(* Let $G$ be a finite simple graph with at least one edge and let $I=I(G)$ be its edge ideal. Then $v(I^{n+1})\le 2n+v(I)$ for all $n\ge 1$.
   Context: $K$ is a field and $S=K[x_1,\dots,x_t]$ is standard graded, with the vertices of $G$ being $x_1,\dots,x_t$. The edge ideal is $I(G)=\langle x_ix_j : \{x_i,x_j\}\text{ an edge of } G\rangle$. For a proper graded ideal $J$, the $v$-number is $v(J)=\min\{k\ge 0 : \exists f\in S_k,\ \mathcal P\in\operatorname{Ass}(S/J) \text{ with } (J:f)=\mathcal P\}$. *)

theory Defs
  imports Main "HOL-Library.Poly_Mapping"
begin

(* The polynomial ring S = K[x_v : v in 'v] over a field K, with finitely many
   variables indexed by the finite type 'v (the vertex set of G). *)
type_synonym ('v, 'k) mpoly = "('v \<Rightarrow>\<^sub>0 nat) \<Rightarrow>\<^sub>0 'k"

definition var :: "'v \<Rightarrow> ('v, 'k::field) mpoly" where
  "var v = Poly_Mapping.single (Poly_Mapping.single v 1) 1"

definition mon_deg :: "('v::finite \<Rightarrow>\<^sub>0 nat) \<Rightarrow> nat" where
  "mon_deg m = (\<Sum>v\<in>UNIV. Poly_Mapping.lookup m v)"

(* f lies in S_k: homogeneous of degree k (0 counts as homogeneous of every degree) *)
definition homogeneous_of_deg :: "nat \<Rightarrow> ('v::finite, 'k::field) mpoly \<Rightarrow> bool" where
  "homogeneous_of_deg k f \<longleftrightarrow> (\<forall>m\<in>Poly_Mapping.keys f. mon_deg m = k)"
lemma measure_not_good_hashes_le:
  fixes M :: "nat set" and c :: nat and b q :: real and S :: "nat list set"
  defines "l \<equiv> sched_l (card M) c" and "K \<equiv> sched_k (card M) c b" and "E \<equiv> {e::nat. 2 ^ e < 2 * card M ^ c}"
  assumes "finite M" "finite S" "l \<ge> 1"
    and slots: "\<And>e y. e \<in> E \<Longrightarrow> real (card (slot_sets M l e y)) * (1 / (3 * real l)) ^ y \<le> q ^ y"
  shows "measure rand_space (UNIV - good_hashes M c b S) \<le>
    real (card E) * ((1 + q ^ K) ^ card (job_pool M c S) - 1)"
proof -
  interpret prob_space rand_space by (rule prob_space_rand_space)
  define pool where "pool = job_pool M c S"
  define bad where "bad e = hash_out_of_range K pool e \<union>
    (\<Union>Y\<in>{Y. Y \<subseteq> pool \<and> Y \<noteq> {}}. trap_event M l K e Y)" for e
  have finite_pool: "finite pool" unfolding pool_def using finite_job_pool[OF assms(5)] .
  then have bad_sets: "bad e \<in> sets rand_space" for e
    unfolding bad_def
    by (intro sets.Un sets.finite_UN hash_out_of_range_in_sets trap_event_in_sets)
      (auto intro: finite_subset[of _ "Pow pool"] finite_subset[of _ pool])
  have "measure rand_space (UNIV - good_hashes M c b S) \<le> measure rand_space (\<Union>e\<in>E. bad e)"
    using not_good_hashes_subset[of M c b S] bad_sets finite_hash_exponents
    unfolding bad_def E_def K_def l_def pool_def by (intro finite_measure_mono) auto
  also have "\<dots> \<le> (\<Sum>e\<in>E. measure rand_space (bad e))"
    using bad_sets finite_hash_exponents unfolding E_def by (intro measure_UNION_le) auto
  also have "\<dots> \<le> (\<Sum>e\<in>E. (1 + q ^ K) ^ card pool - 1)"
    unfolding bad_def using measure_bad_exponent_le[OF assms(4,6) finite_pool] slots
    by (intro sum_mono) blast
  finally show ?thesis unfolding pool_def by simp
qed

section \<open>Parameter estimates\<close>

lemma sched_l_bounds:
  fixes n c l :: nat and x :: real
  assumes n: "n \<ge> 32" and c: "c \<ge> 1"
  defines "x \<equiv> ln (real n)" and "l \<equiv> sched_l n c"
  shows "x \<ge> 3" "ln x \<ge> 1" "ln (real l) \<ge> ln x / 2" "real l \<le> 151 * c * x" "l \<ge> 1"
    "real l * ln (real l) \<ge> 75 * c * x"
proof -
  have "exp (3::real) \<le> 27"
    using exp_of_nat_mult[of 3 "1::real"] power_mono[OF exp_le, of 3] by simp
  then show x3: "x \<ge> 3" unfolding x_def using n by (subst ln_ge_iff) auto
  then show lnx: "ln x \<ge> 1" using exp_le by (subst ln_ge_iff) auto
  have x0: "x > 0" using x3 by simp
  have "150 * real c * x / ln x \<ge> 0" using x3 lnx by simp
  then have l_eq: "real l = of_int \<lceil>150 * real c * x / ln x\<rceil>"
    unfolding l_def sched_l_def x_def by simp
  have lower: "real l \<ge> 150 * c * x / ln x" using l_eq le_of_int_ceiling by simp
  have "150 * real c * x / ln x \<le> 150 * real c * x"
    using divide_left_mono[of 1 "ln x" "150 * real c * x"] x3 lnx by simp
  moreover have "1 \<le> real c * x" using c x3 mult_mono[of 1 "real c" 1 x] by simp
  ultimately show "real l \<le> 151 * c * x"
    using l_eq ceiling_correct[of "150 * real c * x / ln x"] by linarith
  have "ln x = 2 * ln (sqrt x)" using x0 by (simp add: ln_sqrt)
  also have "\<dots> \<le> 2 * sqrt x" using ln_le_minus_one[of "sqrt x"] x0 by simp
  finally have "150 * x / (2 * sqrt x) \<le> 150 * real c * x / ln x"
    using lnx x3 c by (intro frac_le) (auto intro: mult_right_mono)
  moreover have "150 * x / (2 * sqrt x) = 75 * sqrt x"
    using x0 by (simp add: field_simps real_sqrt_mult[symmetric])
  ultimately have l_sqrt: "real l \<ge> sqrt x" using lower x0 by simp
  then have "ln (real l) \<ge> ln (sqrt x)" using x0 by (intro ln_mono) auto
  then show ln_l: "ln (real l) \<ge> ln x / 2" using x0 by (simp add: ln_sqrt)
  have "sqrt x \<ge> 1" using x3 by simp
  then show "l \<ge> 1" using l_sqrt by linarith
  have "real l * ln (real l) \<ge> (150 * c * x / ln x) * (ln x / 2)"
    by (rule mult_mono[OF lower ln_l]) (use x0 x3 lnx l_sqrt in auto)
  also have "(150 * c * x / ln x) * (ln x / 2) = 75 * c * x" using lnx by (simp add: field_simps)
  finally show "real l * ln (real l) \<ge> 75 * c * x" .
qed
lemma cut_interval_tree_or_outside:
  assumes "tail_cuts K n \<subseteq> D" "D \<subseteq> {1..<n}" "X \<in> cut_intervals n D"
  shows "X \<subseteq> {..<2^K - 1} \<or> X \<inter> {..<2^K - 1} = {}"
proof -
  obtain a b where X: "X = {a..<b}" "b = n \<or> b \<in> D" "\<forall>d\<in>D. d \<le> a \<or> b \<le> d"
    using assms(3) by (rule cut_intervalsE)
  have "b \<le> n"
    using X(2) assms(2) by auto
  have "2^K - 1 \<le> a \<or> b \<le> 2^K - 1"
  proof (rule ccontr)
    assume not: "\<not> (2^K - 1 \<le> a \<or> b \<le> 2^K - 1)"
    then have "2^K - 1 \<in> D"
      using assms(1) \<open>b \<le> n\<close> unfolding tail_cuts_def by auto
    then show False
      using X(3) not by auto
  qed
  then show ?thesis
    using X(1) by auto
qed

definition subtree_aligned :: "nat \<Rightarrow> nat set \<Rightarrow> bool" where
  "subtree_aligned l X \<longleftrightarrow> (\<exists>x. X = {x} \<and> l \<le> trailing_ones x) \<or> (\<exists>c. X \<subseteq> subtree l c)"

context
  fixes K n l :: nat and D X :: "nat set"
  assumes L: "level_cuts K n l \<subseteq> D" and D: "D \<subseteq> {1..<n}" and X: "X \<in> cut_intervals n D"
begin

lemma boundary_le_cut_interval:
  assumes "m \<in> X" "z \<in> X" "0 < m" "m mod 2^l = 0 \<or> m mod 2^l = 2^l - 1"
  shows "m \<le> z"
proof -
  have "m < n"
    using assms(1) X D by (auto elim!: cut_intervalsE)
  then have "m \<in> D"
    using assms(3,4) L unfolding level_cuts_def by auto
  then show ?thesis
    using cut_interval_start_le[OF X _ assms(1,2)] by blast
qed

lemma cut_interval_eq_high_node:
  assumes x: "x \<in> X" "l \<le> trailing_ones x"
  shows "X = {x}"
proof -
  obtain a b where X_eq: "X = {a..<b}"
    using X by (rule cut_intervalsE)
  have x_mod: "x mod 2^l = 2^l - 1"
    using x(2) le_trailing_ones_iff by blast
  have "z = x" if "z \<in> X" for z
  proof (rule linorder_cases[of z x])
    assume "z < x"
    then show ?thesis
      using boundary_le_cut_interval[OF x(1) that] x_mod by simp
  next
    assume "x < z"
    then have "Suc x \<in> X"
      using x(1) that X_eq by auto
    have "Suc x mod 2^l = Suc (x mod 2^l) mod 2^l"
      by (simp add: mod_Suc_eq)
    then have "Suc x mod 2^l = 0"
      using x_mod by simp
    then have "Suc x \<le> x"
      using boundary_le_cut_interval[OF \<open>Suc x \<in> X\<close> x(1)] by simp
    then show ?thesis
      by simp
  qed
  with x(1) show ?thesis
    by blast
qed

lemma cut_interval_subset_subtree:
  assumes "x \<in> X" "\<forall>z\<in>X. trailing_ones z < l"
  shows "X \<subseteq> subtree l (x div 2^l)"
proof -
  obtain a b where X_eq: "X = {a..<b}"
    using X by (rule cut_intervalsE)
  have same_div: "w div 2^l = u div 2^l" if "u \<in> X" "w \<in> X" "u \<le> w" for u w
  proof (rule ccontr)
    assume "w div 2^l \<noteq> u div 2^l"
    moreover have "u div 2^l \<le> w div 2^l"
      using \<open>u \<le> w\<close> by (rule div_le_mono)
    ultimately have "u div 2^l < w div 2^l"
      by simp
    define m where "m = w div 2^l * 2^l"
    have "u < m"
    proof (rule ccontr)
      assume "\<not> u < m"
      then have "m div 2^l \<le> u div 2^l"
        by (simp add: div_le_mono)
      with \<open>u div 2^l < w div 2^l\<close> show False
        unfolding m_def by simp
    qed
    moreover have "m \<le> w"
      unfolding m_def by (metis div_mult_mod_eq le_add1)
    ultimately have "m \<in> X"
      using that X_eq by auto
    moreover have "m mod 2^l = 0"
      unfolding m_def by simp
    ultimately have "m \<le> u"
      using boundary_le_cut_interval[OF _ that(1)] \<open>u < m\<close> by simp
    with \<open>u < m\<close> show False
      by simp
  qed
  have "z div 2^l = x div 2^l" if "z \<in> X" for z
    using same_div[OF assms(1) that] same_div[OF that assms(1)] by (cases "x \<le> z") auto
  then show ?thesis
    using assms(2) by (auto simp: subtree_def)
qed

lemma cut_interval_aligned: "subtree_aligned l X"
proof (cases "\<exists>x\<in>X. l \<le> trailing_ones x")
  case True
  then show ?thesis
    using cut_interval_eq_high_node unfolding subtree_aligned_def by blast
next
  case False
  obtain a b where "X = {a..<b}" "a < b"
    using X by (rule cut_intervalsE)
  then have "a \<in> X"
    by simp
  with False show ?thesis
    using cut_interval_subset_subtree unfolding subtree_aligned_def by (metis not_le)
qed

end

lemma constant_cell_outside_tree:
  assumes "X \<inter> {..<2^K - 1} = {} \<or> Y \<inter> {..<2^K - 1} = {}"
  shows "constant_cell (tree_matrix K) X Y"
  by (rule constant_cell_if_all_False) (use assms in \<open>auto simp: tree_matrix_def\<close>)

lemma constant_cell_tree_matrix_commute:
  "constant_cell (tree_matrix K) Y X \<longleftrightarrow> constant_cell (tree_matrix K) X Y"
  using constant_cell_transpose[of "tree_matrix K"] by (simp add: transpose_tree_matrix)

lemma constant_cell_high_node:
  assumes "l \<le> trailing_ones x" "Y \<subseteq> subtree l c" "Y \<subseteq> {..<2^K - 1}"
  shows "constant_cell (tree_matrix K) {x} Y"
proof (rule constant_cell_singleton_row)
  fix j j'
  assume "j \<in> Y" "j' \<in> Y"
  moreover have "x \<notin> subtree l c"
    using assms(1) by (simp add: subtree_def)
  ultimately have "comparable x j \<longleftrightarrow> comparable x j'"
    using comparable_constant_on_subtree assms(2) by blast
  with \<open>j \<in> Y\<close> \<open>j' \<in> Y\<close> assms(3) show "tree_matrix K x j = tree_matrix K x j'"
    unfolding tree_matrix_def by auto
qed

lemma constant_cell_disjoint_subtrees:
  assumes "X \<subseteq> subtree l c" "Y \<subseteq> subtree l c'" "c \<noteq> c'"
  shows "constant_cell (tree_matrix K) X Y"
proof (rule constant_cell_if_all_False)
  fix i j
  assume "i \<in> X" "j \<in> Y"
  with assms have "\<not> comparable i j"
    using not_comparable_if_disjoint_subtrees by blast
  then show "\<not> tree_matrix K i j"
    by (simp add: tree_matrix_def)
qed

lemma tree_matrix_nonconstant_cell:
  assumes X: "X \<subseteq> {..<2^K - 1}" "subtree_aligned l X"
    and Y: "Y \<subseteq> {..<2^K - 1}" "subtree_aligned l Y"
    and nc: "\<not> constant_cell (tree_matrix K) X Y"
  obtains c where "X \<subseteq> subtree l c" "Y \<subseteq> subtree l c"
proof -
  from X(2) Y(2) consider (points) x y where "X = {x}" "Y = {y}"
    | (row) x c where "X = {x}" "l \<le> trailing_ones x" "Y \<subseteq> subtree l c"
    | (column) y c where "Y = {y}" "l \<le> trailing_ones y" "X \<subseteq> subtree l c"
    | (subtrees) c c' where "X \<subseteq> subtree l c" "Y \<subseteq> subtree l c'"
    unfolding subtree_aligned_def by blast
  then show ?thesis
  proof cases
    case points
    with nc show ?thesis
      by (simp add: constant_cell_def)
  next
    case row
    with nc Y(1) show ?thesis
      using constant_cell_high_node by blast
  next
    case column
    with nc X(1) show ?thesis
      using constant_cell_high_node constant_cell_tree_matrix_commute by blast
  next
    case subtrees
    with nc that show ?thesis
      using constant_cell_disjoint_subtrees by blast
  qed
qed

lemma subtree_boundary_points:
  assumes "z \<in> subtree (Suc h) c" "z mod 2^h = 0 \<or> z mod 2^h = 2^h - 1"
  shows "z \<in> {c * 2^Suc h, c * 2^Suc h + 2^h - 1, c * 2^Suc h + 2^h}"
proof -
  have z: "z div 2^Suc h = c" "z mod 2^Suc h \<noteq> 2^Suc h - 1"
    using assms(1) unfolding subtree_def trailing_ones_less_iff by auto
  have "z mod 2^Suc h = z mod 2^h + 2^h * (z div 2^h mod 2)"
    by (metis mod_mult2_eq power_Suc2 add.commute)
  moreover have "z div 2^h mod 2 = 0 \<or> z div 2^h mod 2 = 1"
    by auto
  moreover have "(2::nat)^Suc h = 2 * 2^h" "(1::nat) \<le> 2^h"
    by simp_all
  ultimately have "z mod 2^Suc h = 0 \<or> z mod 2^Suc h = 2^h - 1 \<or> z mod 2^Suc h = 2^h"
    using assms(2) z(2) by auto
  moreover have "z = c * 2^Suc h + z mod 2^Suc h"
    using z(1) by (metis div_mult_mod_eq)
  ultimately show ?thesis
    by auto
qed

text \<open>The cut pairs visited by the merge sequence: rows and columns both lie between two
  consecutive levels, or only cuts outside the tree are left.\<close>

definition admissible_cuts :: "nat \<Rightarrow> nat \<Rightarrow> nat set \<Rightarrow> nat set \<Rightarrow> bool" where
  "admissible_cuts K n Dr Dc \<longleftrightarrow>
     (\<exists>h. level_cuts K n (Suc h) \<subseteq> Dr \<and> Dr \<subseteq> level_cuts K n h \<and>
          level_cuts K n (Suc h) \<subseteq> Dc \<and> Dc \<subseteq> level_cuts K n h) \<or>
     (Dr \<subseteq> tail_cuts K n \<and> Dc \<subseteq> tail_cuts K n)"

:: Task description ::
When you reach the line holding "S) \<le> measure" in the records above, begin reproducing exactly, stop after the line holding "sqrt x) \<le>", and output nothing else.

:: Exercise answer ::
  have "measure rand_space (UNIV - good_hashes M c b S) \<le> measure rand_space (\<Union>e\<in>E. bad e)"
    using not_good_hashes_subset[of M c b S] bad_sets finite_hash_exponents
    unfolding bad_def E_def K_def l_def pool_def by (intro finite_measure_mono) auto
  also have "\<dots> \<le> (\<Sum>e\<in>E. measure rand_space (bad e))"
    using bad_sets finite_hash_exponents unfolding E_def by (intro measure_UNION_le) auto
  also have "\<dots> \<le> (\<Sum>e\<in>E. (1 + q ^ K) ^ card pool - 1)"
    unfolding bad_def using measure_bad_exponent_le[OF assms(4,6) finite_pool] slots
    by (intro sum_mono) blast
  finally show ?thesis unfolding pool_def by simp
qed

section \<open>Parameter estimates\<close>

lemma sched_l_bounds:
  fixes n c l :: nat and x :: real
  assumes n: "n \<ge> 32" and c: "c \<ge> 1"
  defines "x \<equiv> ln (real n)" and "l \<equiv> sched_l n c"
  shows "x \<ge> 3" "ln x \<ge> 1" "ln (real l) \<ge> ln x / 2" "real l \<le> 151 * c * x" "l \<ge> 1"
    "real l * ln (real l) \<ge> 75 * c * x"
proof -
  have "exp (3::real) \<le> 27"
    using exp_of_nat_mult[of 3 "1::real"] power_mono[OF exp_le, of 3] by simp
  then show x3: "x \<ge> 3" unfolding x_def using n by (subst ln_ge_iff) auto
  then show lnx: "ln x \<ge> 1" using exp_le by (subst ln_ge_iff) auto
  have x0: "x > 0" using x3 by simp
  have "150 * real c * x / ln x \<ge> 0" using x3 lnx by simp
  then have l_eq: "real l = of_int \<lceil>150 * real c * x / ln x\<rceil>"
    unfolding l_def sched_l_def x_def by simp
  have lower: "real l \<ge> 150 * c * x / ln x" using l_eq le_of_int_ceiling by simp
  have "150 * real c * x / ln x \<le> 150 * real c * x"
    using divide_left_mono[of 1 "ln x" "150 * real c * x"] x3 lnx by simp
  moreover have "1 \<le> real c * x" using c x3 mult_mono[of 1 "real c" 1 x] by simp
  ultimately show "real l \<le> 151 * c * x"
    using l_eq ceiling_correct[of "150 * real c * x / ln x"] by linarith
  have "ln x = 2 * ln (sqrt x)" using x0 by (simp add: ln_sqrt)
  also have "\<dots> \<le> 2 * sqrt x" using ln_le_minus_one[of "sqrt x"] x0 by simp
  finally have "150 * x / (2 * sqrt x) \<le> 150 * real c * x / ln x"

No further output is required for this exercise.